- [Task]:
The expected result is the material below, reproduced exactly from its first line through the line containing "define K' where".

- [Data for analysis]:
* * * * *

lemma gradient_small_at_mesh_local_min:
  fixes g :: "'a::euclidean_space \<Rightarrow> real" and G :: "'a \<Rightarrow> 'a"
  assumes K: "compact K" and \<eta>: "0 < \<eta>"
    and der: "\<And>y. y \<in> (\<Union>a\<in>K. ball a \<eta>) \<Longrightarrow> GDERIV g y :> G y"
    and cont: "continuous_on (\<Union>a\<in>K. ball a \<eta>) G"
    and \<epsilon>: "0 < \<epsilon>"
  obtains d where "0 < d"
    and "\<And>x h. x \<in> K \<Longrightarrow> 0 < h \<Longrightarrow> h < d \<Longrightarrow> mesh_local_min g h x \<Longrightarrow> norm (G x) \<le> \<epsilon>"
proof -
  define K' where "K' = {x + y | x y. x \<in> K \<and> y \<in> cball (0::'a) (\<eta>/2)}"
  have K'_sub: "K' \<subseteq> (\<Union>a\<in>K. ball a \<eta>)"
  proof
    fix y assume "y \<in> K'"
    then obtain x v where "y = x + v" "x \<in> K" "norm v \<le> \<eta>/2"
      unfolding K'_def by auto
    with \<eta> show "y \<in> (\<Union>a\<in>K. ball a \<eta>)"
      by (auto simp: dist_norm intro!: bexI[of _ x])
  qed
  have "compact K'"
    unfolding K'_def by (rule compact_sums[OF K compact_cball])
  then have "uniformly_continuous_on K' G"
    by (rule compact_uniformly_continuous[OF continuous_on_subset[OF cont K'_sub]])
  moreover define \<epsilon>' where "\<epsilon>' = \<epsilon> / DIM('a)"
  moreover have "0 < \<epsilon>'"
    using \<epsilon> by (simp add: \<epsilon>'_def)
  ultimately obtain d0 where d0: "0 < d0"
    and uc: "\<And>x x'. x \<in> K' \<Longrightarrow> x' \<in> K' \<Longrightarrow> dist x' x < d0 \<Longrightarrow> dist (G x') (G x) < \<epsilon>'"
    unfolding uniformly_continuous_on_def by blast
  have in_K': "x + y \<in> K'" if "x \<in> K" "norm y \<le> \<eta>/2" for x y
    using that unfolding K'_def by auto
  show ?thesis
  proof
    show "0 < min d0 (\<eta>/2)" using d0 \<eta> by simp
    fix x h
    assume x: "x \<in> K" and h: "0 < h" "h < min d0 (\<eta>/2)"
      and min: "mesh_local_min g h x"
    have directional: "- \<epsilon>' < e \<bullet> G x" if e: "norm e = 1" and ge: "g x \<le> g (x + h *\<^sub>R e)" for e
    proof (rule inner_gradient_gt_if_no_descent[OF h(1) e _ _ ge])
      fix t :: real assume t: "t \<in> {0..h}"
      have "norm (t *\<^sub>R e) \<le> \<eta>/2" and close: "dist (x + t *\<^sub>R e) x < d0"
        using t h e by (auto simp: dist_norm)
      then have on_K': "x + t *\<^sub>R e \<in> K'"
        using in_K'[OF x] by blast
      with K'_sub show "GDERIV g (x + t *\<^sub>R e) :> G (x + t *\<^sub>R e)"
        by (intro der) blast
      have "x \<in> K'"
        using in_K'[OF x, of 0] \<eta> by simp
      with uc[OF _ on_K' close] show "norm (G (x + t *\<^sub>R e) - G x) < \<epsilon>'"
        by (simp add: dist_norm)
    qed
    have "\<bar>G x \<bullet> b\<bar> \<le> \<epsilon>'" if b: "b \<in> Basis" for b
    proof -
      have "- \<epsilon>' < b \<bullet> G x" and "- \<epsilon>' < (- b) \<bullet> G x"
        using directional[of b] directional[of "- b"] min b by (simp_all add: mesh_local_min_def)
      then show ?thesis
        by (simp add: inner_commute)
    qed
    then have "(\<Sum>b\<in>Basis. \<bar>G x \<bullet> b\<bar>) \<le> (\<Sum>b\<in>(Basis::'a set). \<epsilon>')"
      by (rule sum_mono)
    with norm_le_l1[of "G x"] show "norm (G x) \<le> \<epsilon>"
      by (simp add: \<epsilon>'_def)
  qed
qed

definition on_mesh :: "real \<Rightarrow> 'a::euclidean_space \<Rightarrow> 'a \<Rightarrow> bool" where
  "on_mesh D x y \<longleftrightarrow> (\<forall>b\<in>Basis. \<exists>q::int. (y - x) \<bullet> b = of_int q * D)"

lemma on_mesh_refl: "on_mesh D x x"
  unfolding on_mesh_def by (auto intro: exI[of _ 0])

lemma on_mesh_trans:
  assumes "on_mesh D x y" and "on_mesh D y z"
  shows "on_mesh D x z"
  unfolding on_mesh_def
proof
  fix b :: 'a assume b: "b \<in> Basis"
  obtain p q :: int where "(y - x) \<bullet> b = of_int p * D" and "(z - y) \<bullet> b = of_int q * D"
    using assms b unfolding on_mesh_def by blast
  then have "(z - x) \<bullet> b = of_int (p + q) * D"
    by (simp add: inner_diff_left algebra_simps)
  then show "\<exists>q::int. (z - x) \<bullet> b = of_int q * D" ..
qed

lemma on_mesh_add_Basis:
  assumes "b \<in> Basis"
  shows "on_mesh D x (x + (of_int q * D) *\<^sub>R b)"
  unfolding on_mesh_def
proof
  fix b' :: 'a assume "b' \<in> Basis"
  with assms show "\<exists>q'::int. (x + (of_int q * D) *\<^sub>R b - x) \<bullet> b' = of_int q' * D"
    by (auto simp: inner_Basis intro: exI[of _ q] exI[of _ 0])
qed

lemma on_mesh_dist_ge:
  assumes "on_mesh D c x" and "on_mesh D c y" and "x \<noteq> y" and "0 < D"
  shows "D \<le> dist x y"
proof -
  obtain b :: 'a where b: "b \<in> Basis" and "(y - x) \<bullet> b \<noteq> 0"
    using \<open>x \<noteq> y\<close> euclidean_eqI[of "y - x" 0] by auto
  moreover obtain p q :: int where "(x - c) \<bullet> b = of_int p * D" and "(y - c) \<bullet> b = of_int q * D"
    using assms(1,2) b unfolding on_mesh_def by blast
  ultimately have "(y - x) \<bullet> b = of_int (q - p) * D" and "q - p \<noteq> 0"
    by (auto simp: inner_diff_left algebra_simps)
  then have "D \<le> \<bar>(y - x) \<bullet> b\<bar>"
    using \<open>0 < D\<close> by (auto simp: abs_mult)
  also have "\<dots> \<le> norm (y - x)"
    using b by (rule Basis_le_norm)
  finally show ?thesis
    by (simp add: dist_norm norm_minus_commute)
qed

lemma ps_move_eq_add_Basis: "ps_move y i l s D = y + (s * D) *\<^sub>R axis i (axis l 1)"
  unfolding ps_move_def by (simp add: vec_eq_iff axis_def)

lemma Basis_vec_vec_cases:
  assumes "(b :: real^'l^'n) \<in> Basis"
  obtains i l where "b = axis i (axis l 1)"
  using assms unfolding Basis_vec_def by auto

lemma ps_sweep_descent:
  assumes "ps_sweep g D is y y'"
  shows "g y' \<le> g y \<and>
    (\<not> g y' < g y \<longrightarrow> y' = y \<and> (\<forall>i\<in>set is. \<forall>c\<in>ps_candidates y i D. g y \<le> g c))"
  using assms
proof (induction rule: ps_sweep.induct)
  case (1 y)
  then show ?case by simp
next
  case (2 i y y1 "is" y2)
  from 2(1) obtain c where c: "c \<in> ps_candidates y i D" "\<forall>c'\<in>ps_candidates y i D. g c \<le> g c'"
    and y1: "y1 = (if g c < g y then c else y)"
    unfolding ps_point_step_def by blast
  show ?case
  proof (cases "g c < g y")
    case True
    then show ?thesis using c y1 2(3) by auto
  next
    case False
    then show ?thesis using c y1 2(3) by force
  qed
qed

lemma ps_sweep_on_mesh:
  assumes "ps_sweep g D is y y'"
  shows "on_mesh D y y'"
  using assms
proof (induction rule: ps_sweep.induct)
  case (1 y)
  show ?case by (rule on_mesh_refl)
next
  case (2 i y y1 "is" y2)
  from 2(1) obtain c where c: "c \<in> ps_candidates y i D" and y1: "y1 = (if g c < g y then c else y)"
    unfolding ps_point_step_def by blast
  have "on_mesh D y c"
  proof -
    from c obtain l and s :: real where s: "s \<in> {-1, 1}" and "c = ps_move y i l s D"
      unfolding ps_candidates_def by blast
    then have "c = y + (of_int (if s = 1 then 1 else -1) * D) *\<^sub>R axis i (axis l 1)"
      by (auto simp: ps_move_eq_add_Basis)
    then show ?thesis
      by (simp add: on_mesh_add_Basis)
  qed
  then have "on_mesh D y y1"
    using y1 by (simp add: on_mesh_refl)
  then show ?case
    using 2(3) by (rule on_mesh_trans)
qed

* * * * *

- [Task output]:
lemma gradient_small_at_mesh_local_min:
  fixes g :: "'a::euclidean_space \<Rightarrow> real" and G :: "'a \<Rightarrow> 'a"
  assumes K: "compact K" and \<eta>: "0 < \<eta>"
    and der: "\<And>y. y \<in> (\<Union>a\<in>K. ball a \<eta>) \<Longrightarrow> GDERIV g y :> G y"
    and cont: "continuous_on (\<Union>a\<in>K. ball a \<eta>) G"
    and \<epsilon>: "0 < \<epsilon>"
  obtains d where "0 < d"
    and "\<And>x h. x \<in> K \<Longrightarrow> 0 < h \<Longrightarrow> h < d \<Longrightarrow> mesh_local_min g h x \<Longrightarrow> norm (G x) \<le> \<epsilon>"
proof -
  define K' where "K' = {x + y | x y. x \<in> K \<and> y \<in> cball (0::'a) (\<eta>/2)}"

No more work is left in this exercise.